Example (text matrix):

```text
id1	id2	id3	id4
0	1	2	0
2	2	1	0
0	0	1	1
```

### GWAS optional matrices

- GRM (`-k/--grm` in `gwas`): numeric matrix aligned to genotype sample order
- Q/PC covariate (`-q/--qcov` in `gwas`): PC count or covariate matrix file
- Covariate (`-c/--cov` in `gwas`): numeric matrix aligned to genotype sample order

All matrix files should be numeric-only, space/tab-delimited, without row/column headers.

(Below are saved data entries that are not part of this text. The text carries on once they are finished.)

(* If the duality gap is zero and $\lambda^{\star}$ is an optimal solution of the dual problem, then an optimal solution $x^\star$ of the primal problem can be computed by solving the following linear system with respect to $x^\star$: $\begin{bmatrix}H(\lambda^{\star}) \\ b^{\top} A\end{bmatrix} x^\star = \begin{bmatrix}A^{\top} b \\ \lambda_y^\star - b^{\top} b\end{bmatrix}$.
   Context: 3D pose graph optimization with $n$ poses $(t_i,R_i)$, first pose anchored to the identity. Let $r_i\in\mathbb{R}^9$ stack the rows of $R_i$, and let $x\in\mathbb{R}^{12(n-1)}$ stack $t_2,\dots,t_n,r_2,\dots,r_n$. The primal problem is $f^\star=\min_{x,y}\|Ax-by\|^2$ subject to $x^{\top}E_{iuv}x=1$ if $u=v$, $x^{\top}E_{iuv}x=0$ if $u\neq v$ ($u,v=1,2,3$, $i=1,\dots,n-1$), and $y^2=1$, where $A,b$ encode the anchored pose-graph cost and $E_{iuv}$ satisfies $x^{\top}E_{iuv}x=(R_i^{(u)})^{\top}R_i^{(v)}$. For multipliers $\lambda=(\{\lambda_{iuv}\},\lambda_y)$, $H(\lambda)=A^{\top}A-\sum_{i=1}^{n-1}\sum_{u,v=1}^3\lambda_{iuv}E_{iuv}$ and $M(\lambda)=\begin{bmatrix}H(\lambda)&-A^{\top}b\\-b^{\top}A&b^{\top}b-\lambda_y\end{bmatrix}$. The dual problem is the SDP $d^\star=\max_\lambda\sum_{i,u}\lambda_{iuu}+\lambda_y$ subject to $M(\lambda)\succeq 0$; the duality gap is $f^\star-d^\star$. *)

theory Defs
  imports Complex_Main "Jordan_Normal_Form.Matrix"
begin

text \<open>Anchored 3D pose graph optimisation (SE-Sync style QCQP).
  There are n poses; the first one is the anchor.  The unknown vector x has
  dimension 12(n-1): first t_2,...,t_n (3(n-1) entries), then r_2,...,r_n,
  where r_i stacks the rows of R_i (9 entries each).
  Indices are 0-based: rotation blocks i < n-1, column indices u v < 3.\<close>

definition pg_dim :: "nat \<Rightarrow> nat" where
  "pg_dim n = 12 * (n - 1)"

definition rot_idx :: "nat \<Rightarrow> nat \<Rightarrow> nat \<Rightarrow> nat \<Rightarrow> nat" where
  "rot_idx n i a c = 3 * (n - 1) + 9 * i + 3 * a + c"

text \<open>E_{iuv}: the symmetric matrix with x^T E_{iuv} x = (R_i^(u))^T R_i^(v),
  R_i^(u) being the u-th column of R_i.\<close>
definition E_mat :: "nat \<Rightarrow> nat \<Rightarrow> nat \<Rightarrow> nat \<Rightarrow> real mat" where
  "E_mat n i u v = mat (pg_dim n) (pg_dim n)
     (\<lambda>(p, q). (\<Sum>a<3. (if p = rot_idx n i a u \<and> q = rot_idx n i a v then 1/2 else 0)
                     + (if p = rot_idx n i a v \<and> q = rot_idx n i a u then 1/2 else 0)))"

definition primal_feasible :: "nat \<Rightarrow> real vec \<Rightarrow> real \<Rightarrow> bool" where
  "primal_feasible n x y \<longleftrightarrow> x \<in> carrier_vec (pg_dim n) \<and>
     (\<forall>i < n - 1. \<forall>u < 3. \<forall>v < 3.
        x \<bullet> (E_mat n i u v *\<^sub>v x) = (if u = v then 1 else 0)) \<and>
     y\<^sup>2 = 1"

definition primal_cost :: "real mat \<Rightarrow> real vec \<Rightarrow> real vec \<Rightarrow> real \<Rightarrow> real" where
  "primal_cost A b x y = (let w = A *\<^sub>v x - y \<cdot>\<^sub>v b in w \<bullet> w)"
(* Let $R$ be a finite commutative Frobenius ring of characteristic $2$ and let $B$ and $C$ be $n\times n$ matrices over $R$. Let $M$ be the $2n\times 4n$ matrix $$M=\left(\, I_{2n} \;\middle|\; \begin{matrix} B & C\\ C & B\end{matrix}\,\right).$$ Then the code generated by $M$ (the $R$-submodule of $R^{4n}$ spanned by the rows of $M$) is self-dual if and only if $(B+C)(B+C)^T=I_n$ and $BC^T=CB^T$.
   Context: A linear code of length $N$ over $R$ is an $R$-submodule $\mathcal{C}\subseteq R^N$; its dual is $\mathcal{C}^\perp=\{x\in R^N : \langle x,c\rangle=0 \text{ for all } c\in\mathcal{C}\}$ with respect to the Euclidean inner product $\langle x,y\rangle=\sum_i x_iy_i$, and $\mathcal{C}$ is self-dual if $\mathcal{C}=\mathcal{C}^\perp$. *)

theory Defs
  imports Main "Jordan_Normal_Form.Matrix"
begin

definition is_ideal :: "'a :: comm_ring_1 set \<Rightarrow> bool" where
  "is_ideal I \<longleftrightarrow> 0 \<in> I \<and> (\<forall>x\<in>I. \<forall>y\<in>I. x + y \<in> I) \<and> (\<forall>r. \<forall>x\<in>I. r * x \<in> I)"

definition minimal_ideal :: "'a :: comm_ring_1 set \<Rightarrow> bool" where
  "minimal_ideal I \<longleftrightarrow> is_ideal I \<and> I \<noteq> {0} \<and>
     (\<forall>J. is_ideal J \<and> J \<subseteq> I \<longrightarrow> J = {0} \<or> J = I)"

definition maximal_ideal :: "'a :: comm_ring_1 set \<Rightarrow> bool" where
  "maximal_ideal I \<longleftrightarrow> is_ideal I \<and> I \<noteq> UNIV \<and>
     (\<forall>J. is_ideal J \<and> I \<subseteq> J \<longrightarrow> J = I \<or> J = UNIV)"

text \<open>Socle: the sum of all minimal ideals (= smallest ideal containing all of them).\<close>
definition socle :: "'a :: comm_ring_1 set" where
  "socle = \<Inter> {I. is_ideal I \<and> \<Union> {J. minimal_ideal J} \<subseteq> I}"

definition jacobson_radical :: "'a :: comm_ring_1 set" where
  "jacobson_radical = \<Inter> {I. maximal_ideal I}"

text \<open>R is Frobenius iff soc(R) is isomorphic to R/rad(R) as R-modules.
  An R-module isomorphism soc(R) -> R/J is given by x \<mapsto> g x + J, where g is
  additive and R-linear modulo J, and the induced map is a bijection onto the cosets.\<close>
definition Frobenius_ring :: "'a :: comm_ring_1 itself \<Rightarrow> bool" where
  "Frobenius_ring _ \<longleftrightarrow>
    (\<exists>g :: 'a \<Rightarrow> 'a.
       (\<forall>x\<in>socle. \<forall>y\<in>socle. g (x + y) - (g x + g y) \<in> jacobson_radical) \<and>
       (\<forall>r. \<forall>x\<in>socle. g (r * x) - r * g x \<in> jacobson_radical) \<and>
       bij_betw (\<lambda>x. (+) (g x) ` jacobson_radical) socle
                {(+) a ` (jacobson_radical :: 'a set) | a. True})"

definition code_gen :: "'a :: comm_ring_1 mat \<Rightarrow> 'a vec set" where
  "code_gen M = {transpose_mat M *\<^sub>v u | u. u \<in> carrier_vec (dim_row M)}"

definition dual_code :: "nat \<Rightarrow> 'a :: comm_ring_1 vec set \<Rightarrow> 'a vec set" where
  "dual_code N C = {x \<in> carrier_vec N. \<forall>c\<in>C. x \<bullet> c = 0}"

definition self_dual :: "nat \<Rightarrow> 'a :: comm_ring_1 vec set \<Rightarrow> bool" where
  "self_dual N C \<longleftrightarrow> C = dual_code N C"

definition gen_matrix :: "nat \<Rightarrow> 'a :: comm_ring_1 mat \<Rightarrow> 'a mat \<Rightarrow> 'a mat" where
  "gen_matrix n B C =
     (let A = four_block_mat B C C B
      in mat (2*n) (4*n) (\<lambda>(i,j). if j < 2*n then (1\<^sub>m (2*n)) $$ (i,j) else A $$ (i, j - 2*n)))"

end

theory Submission
  imports Defs "Jordan_Normal_Form.Determinant"
begin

### GRM/PCA file conventions (updated)

- `jx grm` accepts genotype input only: `-vcf` or `-bfile`
- `jx grm` outputs:
  - default text mode: `{prefix}.grm.txt` and `{prefix}.grm.txt.id`
  - with `--npy`: `{prefix}.grm.npy` and `{prefix}.grm.npy.id`
- `jx pca` inputs (mutually exclusive):
  - genotype: `-vcf` or `-bfile` (compute PCA from genotype)
  - GRM prefix: `-k/--grm <prefix>` (expects `{prefix}.grm.id` and `{prefix}.grm.txt` or `{prefix}.grm.npy`)
  - existing PCA prefix: `-q/--qcov <prefix>` (expects `{prefix}.eigenval` and `{prefix}.eigenvec`, visualization-only mode)

## Common Output Naming

- `gwas`: `{prefix}.{trait}.{model}.tsv` and optional `{prefix}.{trait}.{genetic_model}.{model}.svg`
- `postgwas`: `{prefix}.manh.{format}`, `{prefix}.qq.{format}`, `{prefix}.{thr}.anno.tsv`
- `postgwas` merge mode: `{prefix}.merge.manh.{format}`, `{prefix}.merge.qq.{format}`
- `postbsa`:
  - `{prefix}.{bulk1}vs{bulk2}.snpidx.{format}`
  - `{prefix}.{bulk1}vs{bulk2}.bsa.{format}`
  - `{prefix}.{bulk1}vs{bulk2}.smooth.tsv`
  - `{prefix}.{bulk1}vs{bulk2}.thr.tsv`
- `gs`: `{prefix}.{trait}.gs.tsv`

## Python API (selected)

```python
from janusx.gfreader import load_genotype_chunks

for geno, sites in load_genotype_chunks("example/mouse_hs1940.vcf.gz", chunk_size=50000):
    # geno: (m, n) float32 genotype chunk
    # sites: variant metadata list
    pass
```

```python
from janusx.gtools.wgcna import cor, adj, tom, cluster
```

## Citation

```bibtex
@article {FuJanusX,
  title = {JanusX: an integrated and high-performance platform for scalable genome-wide association studies and genomic selection},
  author = {Fu, Jingxian and Jia, Anqiang and Wang, Haiyang and Liu, Hai-Jun},
  year = {2026},
  doi = {10.64898/2026.01.20.700366},
  publisher = {Cold Spring Harbor Laboratory},
  URL = {https://www.biorxiv.org/content/early/2026/01/23/2026.01.20.700366},
  journal = {bioRxiv}
}
```

## License

MIT License. See [LICENSE](./LICENSE).